问题描述
https://leetcode.com/problems/generate-parentheses/
解决思路(2019-12-22)
递归回溯
代码
class Solution {
public List<String> generateParenthesis(int n) {
List<String> res = new ArrayList<String>();
helper("", res, n, 0, 0);
return res;
}
public void helper(String curr, List<String> res, int n, int left, int right){
//all left and right has been added into curr, then add curr into res
if(left == n && right == n){
res.add(curr);
return;
}
//deal with wrong cases
if(right > left){
return;
}
//add left parenthese
if(left < n){
helper(curr + '(', res, n, left + 1, right);
}
//add right parenthese
if(right < n){
helper(curr + ')', res, n, left, right + 1);
}
}
}
效率探究
时间复杂度:O(2^n)
空间复杂度:O(n)
解决思路(2019-07-15)
利用递归,回溯法进行迭代,注释方法写的挺清楚的。
代码
class Solution {
public List<String> generateParenthesis(int n) {
List<String> res = new LinkedList<>();
helper("", res, n, 0, 0);
return res;
}
//left represents amounts of '(' has been added to curr.

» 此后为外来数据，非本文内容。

(* Let $\Lambda$ be the preprojective algebra of a simply-laced Dynkin graph $\Delta$ over an algebraically closed field $K$, with primitive idempotents $e_i$ ($i\in\Delta_0$). Let $\phi\in\mathrm{Aut}(\Lambda)$, and let $\rho^\phi$ be the permutation of $\Delta_0$ such that $\phi(e_i)=\lambda e_{\rho^\phi(i)}\lambda^{-1}$ for all $i\in\Delta_0$ for some unit $\lambda\in\Lambda^\times$. Then $\rho^\phi$ is a graph automorphism of $\Delta$.
   Context: For every $\phi\in\mathrm{Aut}(\Lambda)$ there exist a unit $\lambda\in\Lambda^\times$ and a unique permutation $\rho^\phi$ of $\Delta_0$ with $\phi(e_i)=\lambda e_{\rho^\phi(i)}\lambda^{-1}$ for all $i$; $\rho^\phi$ depends only on the class of $\phi$ in $\mathrm{Out}(\Lambda)=\mathrm{Aut}(\Lambda)/\mathrm{Inn}(\Lambda)$. *)

theory Defs
  imports "HOL-Algebra.QuotRing"
begin

definition alg_closed :: "'k::field itself \<Rightarrow> bool" where
  "alg_closed _ \<longleftrightarrow> (\<forall>cs::'k list. length cs \<ge> 2 \<and> last cs \<noteq> 0 \<longrightarrow>
      (\<exists>x. (\<Sum>i<length cs. cs ! i * x ^ i) = 0))"

definition simple_graph :: "nat set \<Rightarrow> (nat \<Rightarrow> nat \<Rightarrow> bool) \<Rightarrow> bool" where
  "simple_graph V E \<longleftrightarrow> finite V \<and> (\<forall>i j. E i j \<longrightarrow> i \<in> V \<and> j \<in> V)
     \<and> (\<forall>i j. E i j \<longrightarrow> E j i) \<and> (\<forall>i. \<not> E i i)"
lemma T_step_bound:
  assumes "0 < L" "L \<le> LF" "0 < f1 F x"
    and descent: "\<And>y. f1 F x' \<le> psi F (2 * LF) (f1 F x) x y + eps"
  shows "(norm ((2 * LF) *\<^sub>R (T F (2 * LF) (f1 F x) x - x)))\<^sup>2
    \<le> 8 * LF\<^sup>2 / L * (f1 F x - f1 F x' + eps)"
proof -
  let ?n = "norm (T F (2 * LF) (f1 F x) x - x)" and ?D = "f1 F x - f1 F x' + eps"
  have LF: "0 < LF" using assms(1,2) by linarith
  have step: "2 * LF / 2 * ?n\<^sup>2 \<le> ?D"
    using LF assms(3) descent by (intro T_step_le_decrease) auto
  have "(norm ((2 * LF) *\<^sub>R (T F (2 * LF) (f1 F x) x - x)))\<^sup>2
      = 4 * LF * (2 * LF / 2 * ?n\<^sup>2)"
    using LF by (simp add: power_mult_distrib power2_eq_square)
  also have "\<dots> \<le> 4 * LF * ?D" using step LF by simp
  also have "\<dots> \<le> 8 * LF\<^sup>2 / L * ?D"
  proof (rule mult_right_mono)
    show "4 * LF \<le> 8 * LF\<^sup>2 / L" using assms(1,2) LF by (simp add: field_simps power2_eq_square)
    have "0 \<le> 2 * LF / 2 * ?n\<^sup>2" using LF by simp
    then show "0 \<le> ?D" using step by linarith
  qed
  finally show ?thesis .
qed

lemma kappa_Delta_bound:
  assumes "0 < LF" "0 < f1 F x" "0 < r"
    and descent: "\<And>y. f1 F x' \<le> psi F (2 * LF) (f1 F x) x y + eps"
  shows "2 * (LF * r)\<^sup>2 * kappa (Delta F r x / (4 * f1 F x * LF * r\<^sup>2))
    \<le> LF * (f1 F x - f1 F x' + eps)"
proof -
  have "2 * LF * r\<^sup>2 * kappa (Delta F r x / (2 * f1 F x * (2 * LF) * r\<^sup>2))
      \<le> f1 F x - f1 F x' + eps"
    using assms by (intro kappa_Delta_le_decrease) auto
  then have "LF * (2 * LF * r\<^sup>2 * kappa (Delta F r x / (2 * f1 F x * (2 * LF) * r\<^sup>2)))
      \<le> LF * (f1 F x - f1 F x' + eps)"
    using assms(1) by simp
  moreover have "2 * f1 F x * (2 * LF) * r\<^sup>2 = 4 * f1 F x * LF * r\<^sup>2" by simp
  ultimately show ?thesis by (simp add: power_mult_distrib power2_eq_square algebra_simps)
qed

theorem theorem1:
  fixes F :: "real^'n \<Rightarrow> real^'m" and FF :: "(real^'n) set"
    and L LF eps r :: real and xs :: "nat \<Rightarrow> real^'n" and k :: nat
  assumes "closed FF" and "convex FF" and "interior FF \<noteq> {}"
    and "\<forall>x. F differentiable (at x)"
    and "\<forall>x\<in>FF. \<forall>y\<in>FF. frob (Jac F y - Jac F x) \<le> LF * norm (y - x)"
    and "0 < L" and "L \<le> LF" and "0 \<le> eps"
    and "{x. f1 F x \<le> f1 F (xs 0)} \<subseteq> FF"
    and "\<forall>i. xs i \<in> FF"
    and "scheme1 F L LF eps xs"
    and "0 < k" and "0 < r"
  shows "(8 * LF\<^sup>2 / L * (eps + (f1 F (xs 0) - f1 F (xs k)) / real k)
           \<ge> Min ((\<lambda>i. (norm ((2 * LF) *\<^sub>R (T F (2 * LF) (f1 F (xs i)) (xs i) - xs i)))\<^sup>2) ` {..<k})) \<and>
         (LF * (eps + (f1 F (xs 0) - f1 F (xs k)) / real k)
           \<ge> Min ((\<lambda>i. 2 * (LF * r)\<^sup>2 * kappa (Delta F r (xs i) / (4 * f1 F (xs i) * LF * r\<^sup>2))) ` {..<k}))"
proof -
  have LF: "0 < LF" using assms(6,7) by linarith
  note pos = scheme1_descent(1)[OF assms(11,6,7)]
  note descent = scheme1_descent(2)[OF assms(11,6,7)]
  show ?thesis
    using T_step_bound[OF assms(6,7) pos descent] kappa_Delta_bound[OF LF pos assms(13) descent]
    by (intro conjI Min_le_telescoping_average[OF assms(12), where d = "\<lambda>i. f1 F (xs i)"]) auto
qed

end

Right represents ')'
public void helper(String curr, List<String> res, int n, int left, int right){
//all '(' and ')' has been added to curr correctly, so add curr to res
if(right == n && left == n){
res.add(curr);
return;
}
//the amounts of ')' could not be more than the left, like '())'
if(right > left){
return;
}
//when the amount of left and right brackets are less than n, then add them to curr
if(left < n){
helper(curr + '(', res, n, left + 1, right);
}
if(right < n){
helper(curr + ')', res, n, left, right + 1);
}
}
}
效率探究
时间复杂度:O(n!) ~ O(2^n)
空间复杂度:O(n)